Duke kwam vorig jaar in ons leven als ordinaire knuffelhond, maar inmiddels vervult hij de belangrijke rol van vertaler binnen het gezin. Hij vertelt wat ons kind wil, wanneer en waarom het verdrietig is. Zelf heeft Job daar moeite mee.
Voorbeeldje: ik zet mijn gehandicapte zoon voorin de auto. Plotseling vertrekt zijn gezicht van de pijn, maar ik heb niet gezien wat er is gebeurd. Job begint te jammeren en trekt wit weg. Wat heb ik gedaan? Knie verdraaid? Gestoten?

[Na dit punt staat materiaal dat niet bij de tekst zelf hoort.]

(* For every computable structure $\mathcal{S}$, the set $CatSpec_{\approx}(\mathcal{S})$ either consists of all Turing degrees or is meager (i.e., the set of all reals $X\subseteq\omega$ whose Turing degree lies in $CatSpec_{\approx}(\mathcal{S})$ is meager in Cantor space $2^{\omega}$).
   Context: Two structures are bi-embeddable ($\approx$) if each embeds isomorphically into the other. A computable structure $\mathcal{S}$ is $\mathbf{d}$-computably bi-embeddably categorical if for every computable $\mathcal{A}\approx\mathcal{S}$ there are $\mathbf{d}$-computable embeddings $\mathcal{A}\hookrightarrow\mathcal{S}$ and $\mathcal{S}\hookrightarrow\mathcal{A}$. $CatSpec_{\approx}(\mathcal{S})$ is the set of all Turing degrees $\mathbf{d}$ for which $\mathcal{S}$ is $\mathbf{d}$-computably bi-embeddably categorical. *)

theory Defs
  imports Main "HOL-Library.Nat_Bijection"
begin

datatype rf = Zero | Succ | Proj nat | Comp rf "rf list" | Prec rf rf | Mu rf | Oracle

fun hd0 :: "nat list \<Rightarrow> nat" where
  "hd0 [] = 0" | "hd0 (x # _) = x"

inductive eval :: "nat set \<Rightarrow> rf \<Rightarrow> nat list \<Rightarrow> nat \<Rightarrow> bool" for X :: "nat set" where
  ev_zero: "eval X Zero xs 0"
| ev_succ: "eval X Succ xs (Suc (hd0 xs))"
| ev_proj: "eval X (Proj i) xs (if i < length xs then xs ! i else 0)"
| ev_oracle: "eval X Oracle xs (if hd0 xs \<in> X then 1 else 0)"
| ev_comp: "list_all2 (\<lambda>g y. eval X g xs y) gs ys \<Longrightarrow> eval X f ys z \<Longrightarrow> eval X (Comp f gs) xs z"
| ev_prec0: "eval X f xs y \<Longrightarrow> eval X (Prec f g) (0 # xs) y"
| ev_precS: "eval X (Prec f g) (n # xs) y \<Longrightarrow> eval X g (n # y # xs) z
              \<Longrightarrow> eval X (Prec f g) (Suc n # xs) z"
| ev_mu: "eval X f (n # xs) 0 \<Longrightarrow> (\<forall>m<n. \<exists>y. eval X f (m # xs) (Suc y))
              \<Longrightarrow> eval X (Mu f) xs n"

definition computable_in :: "nat set \<Rightarrow> (nat \<Rightarrow> nat) \<Rightarrow> bool" where
  "computable_in X f \<longleftrightarrow> (\<exists>p. \<forall>n. eval X p [n] (f n))"

definition computable :: "(nat \<Rightarrow> nat) \<Rightarrow> bool" where
  "computable f \<longleftrightarrow> computable_in {} f"

definition chi :: "nat set \<Rightarrow> nat \<Rightarrow> nat" where
  "chi A n = (if n \<in> A then 1 else 0)"

definition turing_le :: "nat set \<Rightarrow> nat set \<Rightarrow> bool" where
  "turing_le A B \<longleftrightarrow> computable_in B (chi A)"

definition turing_equiv_rel :: "(nat set \<times> nat set) set" where
  "turing_equiv_rel = {(A, B). turing_le A B \<and> turing_le B A}"

definition turing_degrees :: "nat set set set" where
  "turing_degrees = UNIV // turing_equiv_rel"

text \<open>A function is d-computable if it is computable from some (equivalently every) member of d.\<close>
definition deg_computable :: "nat set set \<Rightarrow> (nat \<Rightarrow> nat) \<Rightarrow> bool" where
  "deg_computable d f \<longleftrightarrow> (\<exists>X\<in>d. computable_in X f)"

text \<open>A countable language: relation symbols and function symbols (constants = arity 0)
  indexed by naturals; None means the symbol is not in the language.\<close>
record lang =
  rel_ar :: "nat \<Rightarrow> nat option"
  fun_ar :: "nat \<Rightarrow> nat option"

record struc =
  sdom :: "nat set"
  srel :: "nat \<Rightarrow> nat list \<Rightarrow> bool"
  sfun :: "nat \<Rightarrow> nat list \<Rightarrow> nat"

definition enc_opt :: "nat option \<Rightarrow> nat" where
  "enc_opt o' = (case o' of None \<Rightarrow> 0 | Some k \<Rightarrow> Suc k)"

In dit soort situaties kan Job niet praten. Hij slaat simpelweg dicht. De hond, trouw in zijn schoot, biedt uitkomst. Ik vraag ‘wat is er gebeurd, Duke?’
De knuffel vertelt me met een stem die een octaaf lager is dan die van Job dat de knie is gebotst. En toen au.
Aha. Voorzichtig pak ik het kinderbeen en buig het een paar keer. Alles lijkt het nog te doen.
‘Waar was de knie tegenaan gebotst, Duke?’
Nu springt de hond op het dashboard. Hij wil me duidelijk maken dat het dashboard de boosdoener is.
Aha.
‘Wil Job er een kusje op?’
De hond knikt heftig, zijn lange oren flapperen mee.
Als mijn zoon op zijn beurt Duke heeft getroost – de onafscheidelijke knuffel is altijd op hetzelfde moment verdrietig – kunnen we gaan rijden.
Het kan ook voorkomen dat de hond zomaar begint te piepen terwijl Job tv kijkt. ‘Wat is er, Duke?’ vraagt Job dan.
Lage stem: ‘Woef woef.’
Job vraagt door, op een empatische toon die verdacht veel lijkt op de mijne. ‘Zeg het maar Duke. Waarom ben je verdrietig?’
Nu is mijn zoon de vertaler van de hond.
‘Duke wil niet SpongeBob kijken mama, Duke wil Madagascar kijken.’
Juist. Job laat via Duke weten dat ik iets anders moet opzetten. Ik blaf dat ik geen zin heb om op te staan, maar dat vertaalt dan weer niemand.